## DATA RECORDS
╭──
text \<open>The cosine coefficients of an even function are its full Fourier coefficients; after the
  substitution \<open>y = cos (2 pi x)\<close>, Weierstrass approximation shows that they determine it.\<close>
lemma cos_coefficients_zero_imp_zero:
  fixes H :: "real \<Rightarrow> real"
  assumes cH: "continuous_on cell H"
    and even: "\<And>x. x \<in> cell \<Longrightarrow> H (-x) = H x"
    and z: "\<And>m::nat. integral cell (\<lambda>x. H x * cos (2*pi*m*x)) = 0"
    and x: "x \<in> cell"
  shows "H x = 0"
proof -
  obtain h where ch: "continuous_on {-1..1} h" and hc: "\<And>x. x \<in> cell \<Longrightarrow> h (cos (2*pi*x)) = H x"
    using even_continuous_on_cell_factor_cos[OF cH even] by blast
  obtain B where B: "B > 0" "\<And>x. x \<in> cell \<Longrightarrow> \<bar>H x\<bar> \<le> B"
  proof -
    have "bounded (H ` cell)"
      by (rule compact_imp_bounded[OF compact_continuous_image[OF cH]]) simp
    then obtain B0 where "\<And>x. x \<in> cell \<Longrightarrow> norm (H x) \<le> B0"
      unfolding bounded_iff by blast
    then show ?thesis by (intro that[of "\<bar>B0\<bar> + 1"]) force+
  qed
  define J where "J = integral cell (\<lambda>x. H x * H x)"
  have J_le: "\<bar>J\<bar> \<le> B * e" if e: "e > 0" for e
  proof -
    obtain g where g: "real_polynomial_function g" "\<And>y. y \<in> {-1..1} \<Longrightarrow> \<bar>h y - g y\<bar> < e"
      using Stone_Weierstrass_real_polynomial_function[OF _ ch e] by auto
    then obtain a n where gs: "g = (\<lambda>y. \<Sum>i\<le>n. a i * y^i)"
      by (auto simp: real_polynomial_function_iff_sum)
    have cg: "continuous_on cell (\<lambda>x. g (cos (2*pi*x)))"
      unfolding gs by (intro continuous_intros)
    have "J = integral cell (\<lambda>x. H x * (H x - g (cos (2*pi*x))) + H x * g (cos (2*pi*x)))"
      unfolding J_def by (simp add: algebra_simps)
    also have "\<dots> = integral cell (\<lambda>x. H x * (H x - g (cos (2*pi*x))))
                    + integral cell (\<lambda>x. H x * g (cos (2*pi*x)))"
      by (intro integral_add integrable_continuous_interval continuous_intros cH cg)
    also have "integral cell (\<lambda>x. H x * g (cos (2*pi*x))) = 0"
      unfolding gs by (rule integral_mult_cos_polynomial_eq_0[OF cH z])
    finally have "J = integral cell (\<lambda>x. H x * (H x - g (cos (2*pi*x))))"
      by simp
    also have "norm \<dots> \<le> (B * e) * (1/2 - (-(1/2)))"
    proof (rule integral_bound)
      show "continuous_on cell (\<lambda>x. H x * (H x - g (cos (2*pi*x))))"
        by (intro continuous_intros cH cg)
      show "norm (H x * (H x - g (cos (2*pi*x)))) \<le> B * e" if x: "x \<in> cell" for x
      proof -
        have "\<bar>H x - g (cos (2*pi*x))\<bar> \<le> e"
          using g(2)[of "cos (2*pi*x)"] hc[OF x] by auto
        then show ?thesis
          using B(2)[OF x] e by (auto simp: abs_mult intro!: mult_mono)
      qed
    qed simp
    finally show ?thesis by simp
  qed
  have "\<bar>J\<bar> \<le> 0 + e" if "e > 0" for e
    using J_le[of "e / B"] that B by simp
  then have "J = 0"
    using field_le_epsilon[of "\<bar>J\<bar>" 0] by simp
  moreover have "((\<lambda>x. H x * H x) has_integral J) (cbox (-(1/2)) (1/2))"
    unfolding J_def cbox_interval by (intro integrable_integral integrable_continuous_interval continuous_intros cH)
  ultimately have "H x * H x = 0"
    using x by (intro has_integral_0_cbox_imp_0[of "-(1/2)" "1/2"])
      (auto intro: continuous_on_mult cH simp: cbox_interval)
  then show ?thesis by simp
qed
╰──
A line in the material may hold the string "obtain". Report how many do, and write only the number.

## WORKED SOLUTION
5